(Collected data entries)
*** Block opens ***

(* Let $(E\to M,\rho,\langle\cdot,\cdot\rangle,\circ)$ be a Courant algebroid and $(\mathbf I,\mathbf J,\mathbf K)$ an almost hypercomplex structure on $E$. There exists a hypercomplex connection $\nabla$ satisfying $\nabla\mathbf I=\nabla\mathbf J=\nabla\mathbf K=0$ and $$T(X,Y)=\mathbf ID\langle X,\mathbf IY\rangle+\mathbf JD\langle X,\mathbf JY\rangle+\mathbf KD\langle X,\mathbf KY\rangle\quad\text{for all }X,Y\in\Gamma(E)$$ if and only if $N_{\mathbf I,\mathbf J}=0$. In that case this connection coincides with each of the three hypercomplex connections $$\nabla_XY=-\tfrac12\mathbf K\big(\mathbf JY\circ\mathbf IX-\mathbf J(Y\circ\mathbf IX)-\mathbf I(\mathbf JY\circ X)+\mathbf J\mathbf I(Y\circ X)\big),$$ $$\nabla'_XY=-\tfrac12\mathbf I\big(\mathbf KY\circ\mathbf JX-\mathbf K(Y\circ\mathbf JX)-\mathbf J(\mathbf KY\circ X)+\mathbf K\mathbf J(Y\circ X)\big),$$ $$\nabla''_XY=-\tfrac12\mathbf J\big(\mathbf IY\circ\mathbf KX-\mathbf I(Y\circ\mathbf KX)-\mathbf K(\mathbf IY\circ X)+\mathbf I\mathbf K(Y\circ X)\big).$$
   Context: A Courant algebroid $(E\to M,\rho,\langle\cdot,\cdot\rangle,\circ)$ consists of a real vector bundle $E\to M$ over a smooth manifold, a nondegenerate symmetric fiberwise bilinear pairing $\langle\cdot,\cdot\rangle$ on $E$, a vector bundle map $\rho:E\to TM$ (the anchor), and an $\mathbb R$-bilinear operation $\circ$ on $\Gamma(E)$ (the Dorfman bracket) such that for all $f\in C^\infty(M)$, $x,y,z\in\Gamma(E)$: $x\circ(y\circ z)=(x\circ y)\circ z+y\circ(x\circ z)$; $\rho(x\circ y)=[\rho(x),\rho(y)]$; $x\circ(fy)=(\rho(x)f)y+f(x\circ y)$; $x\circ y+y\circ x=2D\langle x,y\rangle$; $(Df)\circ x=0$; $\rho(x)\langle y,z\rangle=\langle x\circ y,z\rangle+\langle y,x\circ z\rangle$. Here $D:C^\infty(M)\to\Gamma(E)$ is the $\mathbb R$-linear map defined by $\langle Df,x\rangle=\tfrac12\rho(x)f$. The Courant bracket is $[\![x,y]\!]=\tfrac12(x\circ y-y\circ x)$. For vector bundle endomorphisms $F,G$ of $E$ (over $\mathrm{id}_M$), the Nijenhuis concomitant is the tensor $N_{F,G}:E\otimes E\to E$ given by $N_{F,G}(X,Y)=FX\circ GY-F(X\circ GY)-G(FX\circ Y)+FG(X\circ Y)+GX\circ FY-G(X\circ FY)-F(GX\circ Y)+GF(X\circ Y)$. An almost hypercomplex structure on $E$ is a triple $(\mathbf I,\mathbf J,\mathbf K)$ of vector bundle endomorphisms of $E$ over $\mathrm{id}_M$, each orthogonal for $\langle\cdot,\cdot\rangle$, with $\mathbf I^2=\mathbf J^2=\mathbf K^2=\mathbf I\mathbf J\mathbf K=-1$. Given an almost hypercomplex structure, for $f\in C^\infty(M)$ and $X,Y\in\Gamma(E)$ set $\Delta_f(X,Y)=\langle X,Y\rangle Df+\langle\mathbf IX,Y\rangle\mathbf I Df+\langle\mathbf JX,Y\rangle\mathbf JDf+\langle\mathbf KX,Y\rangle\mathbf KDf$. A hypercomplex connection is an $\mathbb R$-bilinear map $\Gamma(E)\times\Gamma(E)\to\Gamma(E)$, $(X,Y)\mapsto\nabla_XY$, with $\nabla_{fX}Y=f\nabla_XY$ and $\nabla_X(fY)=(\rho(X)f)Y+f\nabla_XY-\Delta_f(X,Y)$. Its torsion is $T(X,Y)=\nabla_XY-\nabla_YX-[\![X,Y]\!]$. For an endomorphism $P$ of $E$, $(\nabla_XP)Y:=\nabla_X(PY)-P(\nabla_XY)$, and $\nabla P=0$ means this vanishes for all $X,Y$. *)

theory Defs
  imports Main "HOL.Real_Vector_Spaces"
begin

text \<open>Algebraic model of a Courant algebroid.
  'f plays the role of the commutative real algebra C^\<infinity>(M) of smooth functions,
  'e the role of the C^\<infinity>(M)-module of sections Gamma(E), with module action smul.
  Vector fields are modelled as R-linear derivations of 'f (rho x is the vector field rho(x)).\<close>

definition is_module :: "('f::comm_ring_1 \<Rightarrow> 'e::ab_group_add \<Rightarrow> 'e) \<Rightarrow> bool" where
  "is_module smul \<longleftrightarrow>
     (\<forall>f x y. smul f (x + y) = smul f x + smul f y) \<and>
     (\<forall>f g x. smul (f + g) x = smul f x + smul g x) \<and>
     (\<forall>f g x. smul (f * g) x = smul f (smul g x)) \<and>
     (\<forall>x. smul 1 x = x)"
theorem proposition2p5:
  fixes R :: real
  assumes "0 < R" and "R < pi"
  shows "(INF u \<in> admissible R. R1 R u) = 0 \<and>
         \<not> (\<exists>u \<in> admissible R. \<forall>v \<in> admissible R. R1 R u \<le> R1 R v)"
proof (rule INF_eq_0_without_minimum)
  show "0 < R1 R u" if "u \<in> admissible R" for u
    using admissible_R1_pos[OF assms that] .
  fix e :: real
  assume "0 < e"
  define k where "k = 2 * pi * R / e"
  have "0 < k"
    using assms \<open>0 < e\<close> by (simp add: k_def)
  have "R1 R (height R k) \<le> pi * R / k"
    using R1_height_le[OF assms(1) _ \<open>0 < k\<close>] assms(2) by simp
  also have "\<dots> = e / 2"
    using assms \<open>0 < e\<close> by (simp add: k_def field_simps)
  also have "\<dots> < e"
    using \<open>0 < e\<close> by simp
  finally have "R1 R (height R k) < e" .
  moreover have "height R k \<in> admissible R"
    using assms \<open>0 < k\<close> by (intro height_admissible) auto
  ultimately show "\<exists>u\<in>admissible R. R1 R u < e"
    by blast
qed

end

*** Block closes ***

- What is expected
Search the data for "using". Copy every matching line.

- Exercise answer
    using admissible_R1_pos[OF assms that] .
    using assms \<open>0 < e\<close> by (simp add: k_def)
    using R1_height_le[OF assms(1) _ \<open>0 < k\<close>] assms(2) by simp
    using assms \<open>0 < e\<close> by (simp add: k_def field_simps)
    using \<open>0 < e\<close> by simp
    using assms \<open>0 < k\<close> by (intro height_admissible) auto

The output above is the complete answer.